According to Reimondo, water systems in the landscape are complex and interconnected. Energy Fuels’ mining process involves drilling a mine shaft through shallow aquifers into uranium deposits, and water flows into the shaft and mixes with the ore before it is pumped out. The concern is that contaminated water will be mixed back into the groundwater.

To date, the company has removed approximately 49 million liters of water from the shaft, let it evaporate in an above ground pool or share it with local farmers for their cattle once treated to EPA standards. Reimondo worries that water could eventually contaminate not only drinking water sources, but the creeks and waterfalls throughout the Grand Canyon.

“It’s really, really hard for researchers to understand exactly what that risk is because the region is so highly fractured and because we don’t know exactly where water flows to and from,” Reimondo said.

Energy Fuels’ Curtis Moore believes those concerns are overblown. He said the water the company pumps from the shaft is already highly concentrated in uranium because it was in contact with the rocks long before their mining operations began.

“Their implication is that we’re polluting groundwater, which is simply false – it’s obviously not fit for human consumption,” he said. He pointed to a 2022 permit from the state of Arizona which concluded that the geology of the mine site – such as the slope of the land and type of rock – is “expected to prevent any potential impacts on groundwater as a result of mining operations.”
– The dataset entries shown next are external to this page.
lemma edge_over:
  assumes "s < i" "i < t"
  obtains x y where "E x y" "x < i" "i < y"
  using inner_not_separating[OF assms] unfolding separating_def by blast

lemma cut_index: "s \<le> i \<Longrightarrow> i < t \<Longrightarrow> i \<in> {1..n - 1}"
  using one_le_s t_le_n by simp

lemma two_tracks_start: "two_tracks E s s [s] [s]"
  using separating_s unfolding two_tracks_def separating_def by (auto simp: le_less)

lemma two_tracks_extend:
  assumes tr: "two_tracks E s i A B" and si: "s \<le> i" and it: "Suc i < t"
    and back_edge: "\<And>u. E u (Suc i) \<Longrightarrow> u \<le> i \<Longrightarrow> u = hd A"
    and hd_A: "\<And>v. hd A \<noteq> hd B \<Longrightarrow> E (hd A) v \<Longrightarrow> Suc i < v \<Longrightarrow> False"
    and hd_B: "hd A = hd B \<Longrightarrow> at_most_one_beyond E (Suc i) (hd B)"
  shows "two_tracks E s (Suc i) (Suc i # A) B"
proof -
  note tr' = two_tracksD[OF tr]
  have "Suc i \<notin> set A \<union> set B" using tr'(8) by simp
  then have new: "Suc i \<notin> set A" "Suc i \<notin> set B" by auto
  have "hd B \<in> set B" using tr'(2) by simp
  then have hd_B_new: "hd B \<noteq> Suc i" using new by auto
  have path: "path_adj (Suc i # A) u v \<or> path_adj B u v"
    if "E u v" "s \<le> u" "u < v" "v \<le> Suc i" for u v
  proof (cases "v \<le> i")
    case True
    have "sublist A (Suc i # A)"
      using sublist_append_leftI[of A "[Suc i]"] by (simp only: append.simps)
    then show ?thesis
      using tr'(9)[OF that(1-3) True] path_adj_sublist[of A u v "Suc i # A"] by blast
  next
    case False
    then have "v = Suc i" using that(4) by simp
    then have "u = hd A" using that(1,3) by (intro back_edge) simp_all
    moreover have "path_adj (Suc i # A) (Suc i) (hd A)"
      using path_adj_Cons_Cons[of "Suc i" "hd A" "tl A"] tr'(1) by simp
    ultimately show ?thesis using \<open>v = Suc i\<close> path_adj_sym[of "Suc i # A" u v] by simp
  qed
  have cross: "u = Suc i \<or> u = hd B" if "(u, v) \<in> crossing E (Suc i)" for u v
  proof (cases "u = Suc i")
    case False
    then have "(u, v) \<in> crossing E i" using that by simp
    then have "u = hd A \<or> u = hd B" by (rule tr'(10))
    then show ?thesis using hd_A that by auto
  qed simp
  \<comment> \<open>An edge jumping over the non-separating vertex \<open>Suc i\<close> crosses both cuts \<open>i\<close> and \<open>Suc i\<close>.\<close>
  obtain x y where xy: "E x y" "x < Suc i" "Suc i < y"
    using edge_over[of "Suc i"] si it by auto
  have one_new: "at_most_one_beyond E (Suc i) (Suc i)"
    unfolding at_most_one_beyond_def
  proof (intro allI impI)
    fix v w assume "E (Suc i) v" "E (Suc i) w" "Suc i < v" "Suc i < w"
    moreover have "Suc i \<in> {1..n - 1}" using cut_index si it by simp
    ultimately show "v = w"
      using no_three_crossing_edges[of "Suc i" "Suc i" v "Suc i" w x y] xy by auto
  qed
  have one_B: "at_most_one_beyond E (Suc i) (hd B)"
    using hd_B tr'(12) at_most_one_beyond_mono[of E i "hd B" "Suc i"] by auto
  have "set (Suc i # A) \<inter> set B = {s}" using tr'(7) new by auto
  moreover have "set (Suc i # A) \<union> set B = {s..Suc i}" using tr'(8) si by auto
  ultimately show ?thesis
    unfolding two_tracks_def using tr'(1-6) new(1) hd_B_new path cross one_new one_B
    by (auto simp del: mem_crossing_iff)
qed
A separate 2021 study by US Geological Society scientists found this the type of uranium mining conducted at Pinyon Plain Mine has historically had no confirmed effects on uranium levels in the groundwater sampled in and around the Grand Canyon. But the study also noted that it could take many years for any related contamination to reach the groundwater.

The potential for negative long-term effects is what members of the Havasupai tribe are concerned about. Dianna Uqualla, a member of the Havasupai Tribal Council, says if there is contamination in the aquifer from now on, she doubts anyone will take responsibility.
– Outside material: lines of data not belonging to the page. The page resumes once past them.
lemma l2_inner_scale_left: "l2_inner N xs (\<lambda>x. c *\<^sub>R f x) k = c * l2_inner N xs f k"
  unfolding l2_inner_def by (simp add: sum_distrib_left algebra_simps)

lemma l2_inner_scale_right: "l2_inner N xs k (\<lambda>x. c *\<^sub>R f x) = c * l2_inner N xs k f"
  unfolding l2_inner_def by (simp add: sum_distrib_left algebra_simps)

text \<open>A function of norm zero vanishes on the sample, hence is orthogonal to everything.\<close>
lemma l2_inner_null_right:
  assumes "l2_inner N xs h h = 0" shows "l2_inner N xs g h = 0"
proof (cases "N = 0")
  case True then show ?thesis unfolding l2_inner_def by simp
next
  case False
  then have "(\<Sum>n<N. inner (h (xs n)) (h (xs n))) = 0"
    using assms unfolding l2_inner_def by simp
  then have "\<forall>n\<in>{..<N}. h (xs n) = 0"
    by (subst (asm) sum_nonneg_eq_0_iff) auto
  then show ?thesis unfolding l2_inner_def by simp
qed

lemma l2_residual_expand:
  "l2_inner N xs (g - (\<lambda>x. c *\<^sub>R k x)) (g - (\<lambda>x. c *\<^sub>R k x))
   = l2_inner N xs g g - 2 * c * l2_inner N xs g k + c\<^sup>2 * l2_inner N xs k k"
  by (simp add: l2_inner_diff_left l2_inner_diff_right l2_inner_scale_left
      l2_inner_scale_right l2_inner_sym[of N xs k g] power2_eq_square algebra_simps)

section \<open>Captured energy of a direction\<close>

text \<open>The squared length of the orthogonal projection of g onto the line through h
  (zero for a null h).\<close>
definition captured :: "nat \<Rightarrow> (nat \<Rightarrow> 'x) \<Rightarrow> ('x \<Rightarrow> 'v::real_inner) \<Rightarrow> ('x \<Rightarrow> 'v) \<Rightarrow> real" where
  "captured N xs g h = (l2_inner N xs g h)\<^sup>2 / l2_inner N xs h h"

lemma captured_nonneg: "0 \<le> captured N xs g h"
  unfolding captured_def using l2_inner_self_nonneg[of N xs h] by simp

lemma residual_reduction_le_captured:
  "l2_inner N xs g g - l2_inner N xs (g - (\<lambda>x. c *\<^sub>R k x)) (g - (\<lambda>x. c *\<^sub>R k x))
   \<le> captured N xs g k"
proof (cases "l2_inner N xs k k = 0")
  case True
  then show ?thesis
    using l2_inner_null_right[OF True, of g] by (simp add: l2_residual_expand captured_def)
next
  case False
  then have pos: "l2_inner N xs k k > 0" using l2_inner_self_nonneg[of N xs k] by linarith
  have "0 \<le> (c * l2_inner N xs k k - l2_inner N xs g k)\<^sup>2" by simp
  then show ?thesis
    using pos by (simp add: l2_residual_expand captured_def field_simps power2_eq_square)
qed

lemma residual_optimal_scaling:
  assumes "l2_inner N xs k k \<noteq> 0" and "c = l2_inner N xs g k / l2_inner N xs k k"
  shows "l2_inner N xs (g - (\<lambda>x. c *\<^sub>R k x)) (g - (\<lambda>x. c *\<^sub>R k x))
         = l2_inner N xs g g - captured N xs g k"
  using assms by (simp add: l2_residual_expand captured_def field_simps power2_eq_square)

lemma cosine_bound_captured:
  assumes "0 \<le> \<gamma>" and "l2_norm N xs h \<noteq> 0"
    and "\<gamma> * l2_norm N xs g * l2_norm N xs h \<le> l2_inner N xs g h"
  shows "\<gamma>\<^sup>2 * l2_inner N xs g g \<le> captured N xs g h"
proof -
  have hh: "l2_inner N xs h h > 0"
    using assms(2) l2_norm_sq[of N xs h] by (metis zero_less_power2)
  have "0 \<le> \<gamma> * l2_norm N xs g * l2_norm N xs h"
    using assms(1) l2_norm_nonneg[of N xs g] l2_norm_nonneg[of N xs h] by simp
  then have "(\<gamma> * l2_norm N xs g * l2_norm N xs h)\<^sup>2 \<le> (l2_inner N xs g h)\<^sup>2"
    by (rule power_mono[OF assms(3)])
  then have "\<gamma>\<^sup>2 * l2_inner N xs g g * l2_inner N xs h h \<le> (l2_inner N xs g h)\<^sup>2"
    by (simp add: power_mult_distrib l2_norm_sq)
  then show ?thesis using hh by (simp add: captured_def field_simps)
qed
lemma sampling_kantorovich_modular_estimate_borel:
  fixes t :: "int \<Rightarrow> real" and chi :: "real \<Rightarrow> real \<Rightarrow> real"
    and L \<psi> \<phi> \<eta> f :: "real \<Rightarrow> real"
  assumes samp: "sampling_sequence t \<delta> \<Delta>"
    and chi1: "kernel_chi1 t chi" and chi2: "kernel_chi2 chi"
    and chi3: "kernel_chi3 chi L \<psi>" and chi4: "kernel_chi4 t chi \<theta>\<^sub>0"
    and L1: "cond_L1 L" and L2: "cond_L2 t L"
    and phi: "phi_function \<phi>" "convex_on {0..} \<phi>" and eta: "phi_function \<eta>" "convex_on {0..} \<eta>"
    and H: "cond_H \<phi> \<eta> \<psi>" and f[measurable]: "f \<in> borel_measurable borel" "f \<in> orlicz \<phi>"
    and M1: "0 < M\<^sub>1" and tail: "\<And>w. W\<^sub>1 \<le> w \<Longrightarrow>
      w * (LINT y:{y. 1 / w powr \<alpha> < \<bar>y\<bar>}|lebesgue. L (w * y)) \<le> M\<^sub>1 * w powr (- \<alpha>\<^sub>0)"
  shows "\<exists>\<mu>>0. \<exists>W. \<forall>w\<ge>W. modular \<phi> (\<lambda>x. \<mu> * (sampling_kantorovich t chi w f x - f x))
      \<le> ennreal ((LINT x|lebesgue. L x) / (3 * \<delta> * m0 t L)) * modulus \<eta> (1 / 2) f (1 / w powr \<alpha>)
       + ennreal (M\<^sub>1 / (3 * \<delta> * m0 t L)) * modular \<eta> f * ennreal (w powr (- \<alpha>\<^sub>0))
       + ennreal (\<Delta> / (3 * \<delta>)) * modulus \<eta> (1 / 2) f (\<Delta> / w)
       + ennreal (1 / 3) * modular \<phi> f * ennreal (w powr (- \<theta>\<^sub>0))"
proof -
  have Lnn: "\<And>x. 0 \<le> L x" and lip: "\<And>x u v. \<bar>chi x u - chi x v\<bar> \<le> L x * \<psi> \<bar>u - v\<bar>"
    and psi: "phi_function \<psi>" and L_meas: "L \<in> borel_measurable lebesgue"
    using chi3 unfolding kernel_chi3_def by auto
  have L_int: "integrable lebesgue L" using L1 unfolding cond_L1_def by auto
  have \<theta>: "0 \<le> \<theta>\<^sub>0" using chi4 unfolding kernel_chi4_def by simp
  have f_int: "set_integrable lborel {a..b} f" for a b by (rule orlicz_set_integrable[OF phi f])
  obtain Lb where Lb[measurable]: "Lb \<in> borel_measurable borel" and Lb_ae: "AE x in lborel. L x = Lb x"
    using completion_ex_borel_measurable_real[OF L_meas] by auto
  obtain C W\<^sub>0 where C: "0 < C" and err: "\<And>w x v. W\<^sub>0 \<le> w \<Longrightarrow>
      \<bar>(\<Sum>\<^sub>\<infinity>k. chi (w * x - t k) v) - v\<bar> \<le> C * w powr (- \<theta>\<^sub>0) * \<bar>v\<bar>"
    using kernel_chi4_error_bound[OF chi2 chi4] by blast
  have m: "0 < m0 t L" by (rule m0_pos[OF samp chi2 chi3 chi4 L1 L2])
  obtain \<mu> where mu: "0 < \<mu>" "3 * \<mu> * C \<le> 1"
    and H': "\<And>v. 0 \<le> v \<Longrightarrow> \<phi> (3 * \<mu> * m0 t L * \<psi> v) \<le> \<eta> \<bar>1 / 2 * v\<bar>"
    using cond_H_scaled[OF phi(1) psi H m C] by blast
  have "modular \<phi> (\<lambda>x. \<mu> * (sampling_kantorovich t chi w f x - f x))
      \<le> ennreal ((LINT x|lebesgue. L x) / (3 * \<delta> * m0 t L)) * modulus \<eta> (1 / 2) f (1 / w powr \<alpha>)
       + ennreal (M\<^sub>1 / (3 * \<delta> * m0 t L)) * modular \<eta> f * ennreal (w powr (- \<alpha>\<^sub>0))
       + ennreal (\<Delta> / (3 * \<delta>)) * modulus \<eta> (1 / 2) f (\<Delta> / w)
       + ennreal (1 / 3) * modular \<phi> f * ennreal (w powr (- \<theta>\<^sub>0))" if "max (max W\<^sub>0 W\<^sub>1) 1 \<le> w" for w
    using that M1 C sampling_kernel_finite_sum_le_m0[OF samp Lnn L1 L2]
    by (intro sampling_kantorovich_modular_le[OF phi psi eta samp lip Lnn chi1 L_int Lb Lb_ae _ m f(1) f_int
          mu(1) H' err _ mu(2) _ \<theta> tail]) auto
  with mu(1) show ?thesis by blast
qed

lemma sampling_kantorovich_modular_estimate:
  fixes t :: "int \<Rightarrow> real" and chi :: "real \<Rightarrow> real \<Rightarrow> real"
    and L \<psi> \<phi> \<eta> f :: "real \<Rightarrow> real"
  assumes samp: "sampling_sequence t \<delta> \<Delta>"
    and chi1: "kernel_chi1 t chi" and chi2: "kernel_chi2 chi"
    and chi3: "kernel_chi3 chi L \<psi>" and chi4: "kernel_chi4 t chi \<theta>\<^sub>0"
    and L1: "cond_L1 L" and L2: "cond_L2 t L"
    and phi: "phi_function \<phi>" "convex_on {0..} \<phi>" and eta: "phi_function \<eta>" "convex_on {0..} \<eta>"
    and H: "cond_H \<phi> \<eta> \<psi>" and f: "f \<in> orlicz (\<lambda>u. \<phi> u + \<eta> u)"
    and M1: "0 < M\<^sub>1" and tail: "\<exists>W. \<forall>w\<ge>W.
      w * (LINT y:{y. \<bar>y\<bar> > 1 / w powr \<alpha>}|lebesgue. L (w * y)) \<le> M\<^sub>1 * w powr (- \<alpha>\<^sub>0)"
  shows "\<exists>\<mu>>0. \<exists>W. \<forall>w\<ge>W. modular \<phi> (\<lambda>x. \<mu> * (sampling_kantorovich t chi w f x - f x))
      \<le> ennreal ((LINT x|lebesgue. L x) / (3 * \<delta> * m0 t L)) * modulus \<eta> (1 / 2) f (1 / w powr \<alpha>)
       + ennreal (M\<^sub>1 / (3 * \<delta> * m0 t L)) * modular \<eta> f * ennreal (w powr (- \<alpha>\<^sub>0))
       + ennreal (\<Delta> / (3 * \<delta>)) * modulus \<eta> (1 / 2) f (\<Delta> / w)
       + ennreal (1 / 3) * modular \<phi> f * ennreal (w powr (- \<theta>\<^sub>0))"
proof -
  have f_meas: "f \<in> borel_measurable lebesgue" using f unfolding orlicz_def by simp
  obtain g where g[measurable]: "g \<in> borel_measurable borel" and fg: "AE x in lborel. f x = g x"
    using completion_ex_borel_measurable_real[OF f_meas] by auto
  have g_orlicz: "g \<in> orlicz \<phi>"
    by (rule orlicz_add_subset[OF phi_function_nonneg[OF eta(1)] orlicz_cong_AE[OF f g fg]])
  have "sampling_kantorovich t chi w f x = sampling_kantorovich t chi w g x" for w x
    using f_meas g fg by (rule sampling_kantorovich_cong_AE)
  then have S_eq: "modular \<phi> (\<lambda>x. \<mu> * (sampling_kantorovich t chi w f x - f x))
      = modular \<phi> (\<lambda>x. \<mu> * (sampling_kantorovich t chi w g x - g x))" for \<mu> w
    using fg by (intro modular_cong_AE) (auto elim: eventually_mono)
  have modular_eq: "modular h f = modular h g" for h
    using fg by (rule modular_cong_AE)
  obtain W\<^sub>1 where "\<And>w. W\<^sub>1 \<le> w \<Longrightarrow>
      w * (LINT y:{y. 1 / w powr \<alpha> < \<bar>y\<bar>}|lebesgue. L (w * y)) \<le> M\<^sub>1 * w powr (- \<alpha>\<^sub>0)"
    using tail by auto
  then show ?thesis
    unfolding S_eq modular_eq modulus_cong_AE[OF fg]
    by (rule sampling_kantorovich_modular_estimate_borel[OF samp chi1 chi2 chi3 chi4 L1 L2 phi eta H g
          g_orlicz M1])
qed

theorem theorem3p1:
  fixes t :: "int \<Rightarrow> real" and \<delta> \<Delta> :: real
    and chi :: "real \<Rightarrow> real \<Rightarrow> real" and L \<psi> \<phi> \<eta> f :: "real \<Rightarrow> real"
    and \<theta>\<^sub>0 \<alpha> M\<^sub>1 \<alpha>\<^sub>0 :: real
  assumes samp: "sampling_sequence t \<delta> \<Delta>"
    and chi1: "kernel_chi1 t chi" and chi2: "kernel_chi2 chi"
    and chi3: "kernel_chi3 chi L \<psi>" and chi4: "kernel_chi4 t chi \<theta>\<^sub>0"
    and L1: "cond_L1 L" and L2: "cond_L2 t L"
    and phi: "phi_function \<phi>" and phi_convex: "convex_on {0..} \<phi>"
    and eta: "phi_function \<eta>" and eta_convex: "convex_on {0..} \<eta>"
    and H: "cond_H \<phi> \<eta> \<psi>"
    and f: "f \<in> orlicz (\<lambda>u. \<phi> u + \<eta> u)"
    and alpha: "0 < \<alpha>" "\<alpha> < 1"
    and M1: "M\<^sub>1 > 0" and alpha0: "\<alpha>\<^sub>0 > 0"
    and tail: "\<exists>W. \<forall>w\<ge>W. w * (LINT y:{y. \<bar>y\<bar> > 1 / w powr \<alpha>}|lebesgue. L (w * y))
                          \<le> M\<^sub>1 * w powr (- \<alpha>\<^sub>0)"
  shows "\<exists>\<mu>>0. \<exists>lam\<^sub>0>0. \<exists>lam>0. \<exists>W. \<forall>w\<ge>W.
    modular \<phi> (\<lambda>x. \<mu> * (sampling_kantorovich t chi w f x - f x))
      \<le> ennreal ((LINT x|lebesgue. L x) / (3 * \<delta> * m0 t L)) * modulus \<eta> lam f (1 / w powr \<alpha>)
       + ennreal (M\<^sub>1 / (3 * \<delta> * m0 t L)) * modular \<eta> (\<lambda>x. lam\<^sub>0 * f x) * ennreal (w powr (- \<alpha>\<^sub>0))
       + ennreal (\<Delta> / (3 * \<delta>)) * modulus \<eta> lam f (\<Delta> / w)
       + ennreal (1 / 3) * modular \<phi> (\<lambda>x. lam\<^sub>0 * f x) * ennreal (w powr (- \<theta>\<^sub>0))"
proof -
  obtain \<mu> W where "0 < \<mu>" and "\<forall>w\<ge>W. modular \<phi> (\<lambda>x. \<mu> * (sampling_kantorovich t chi w f x - f x))
      \<le> ennreal ((LINT x|lebesgue. L x) / (3 * \<delta> * m0 t L)) * modulus \<eta> (1 / 2) f (1 / w powr \<alpha>)
       + ennreal (M\<^sub>1 / (3 * \<delta> * m0 t L)) * modular \<eta> (\<lambda>x. 1 * f x) * ennreal (w powr (- \<alpha>\<^sub>0))
       + ennreal (\<Delta> / (3 * \<delta>)) * modulus \<eta> (1 / 2) f (\<Delta> / w)
       + ennreal (1 / 3) * modular \<phi> (\<lambda>x. 1 * f x) * ennreal (w powr (- \<theta>\<^sub>0))"
    using sampling_kantorovich_modular_estimate[OF samp chi1 chi2 chi3 chi4 L1 L2 phi phi_convex eta eta_convex
        H f M1 tail] by auto
  moreover have "(0::real) < 1" "(0::real) < 1 / 2" by simp_all
  ultimately show ?thesis by blast
qed

end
“Who will pay the price?” she asked. “Who’s going to be the one to say, ‘Yes, I did it’?” I don’t think anyone is going to do that. They’re just going to say, ‘Well, one less tribe, and we’re happy about it,’ is what the non-natives are likely to think.”

Uqualla is familiar with the long history of damage done to indigenous lands by uranium mining. In the nearby Navajo Nation, years of uranium mining causing lung cancer and a decade-long battle to get compensation. The mining was so widely harmful that the Navajo Nation banned it transport of radioactive and related materials through their countries.

Despite that ban, once mined, the uranium ore from Pinyon Plain Mine will be trucked to the White Mesa Mill in southern Utah along state and federal highways, including through Navajo Nation. Navajo President Buu Nygren begged the federal government to enter into the matter.

Once the ore makes it to White Mesa Mill, the company will extract natural uranium concentrate from the uranium ore, before selling the powder to US nuclear facilities, which arrange for the concentrate to be sent to other facilities for conversion and enrichment.

Moore says that uranium mining is much safer and better regulated than it was decades ago, and transporting the uranium ore is safe. Uqualla and Tilousi remain skeptical.

Tilousi wishes Congress would update the 1872 mining law that allowed Energy Fuels to continue operating a mine on a national monument. It’s something the Biden administration has also recommended, in part because of the law allow companies to hold mining rights for long periods of timewhich sows mistrust among local communities including indigenous peoples.

Tilousi hopes reform can happen, but doesn’t expect it anytime soon.

“As a Native American living in this country, we’re always fighting something,” Tilousi said. “We always seem to be fighting for our existence.”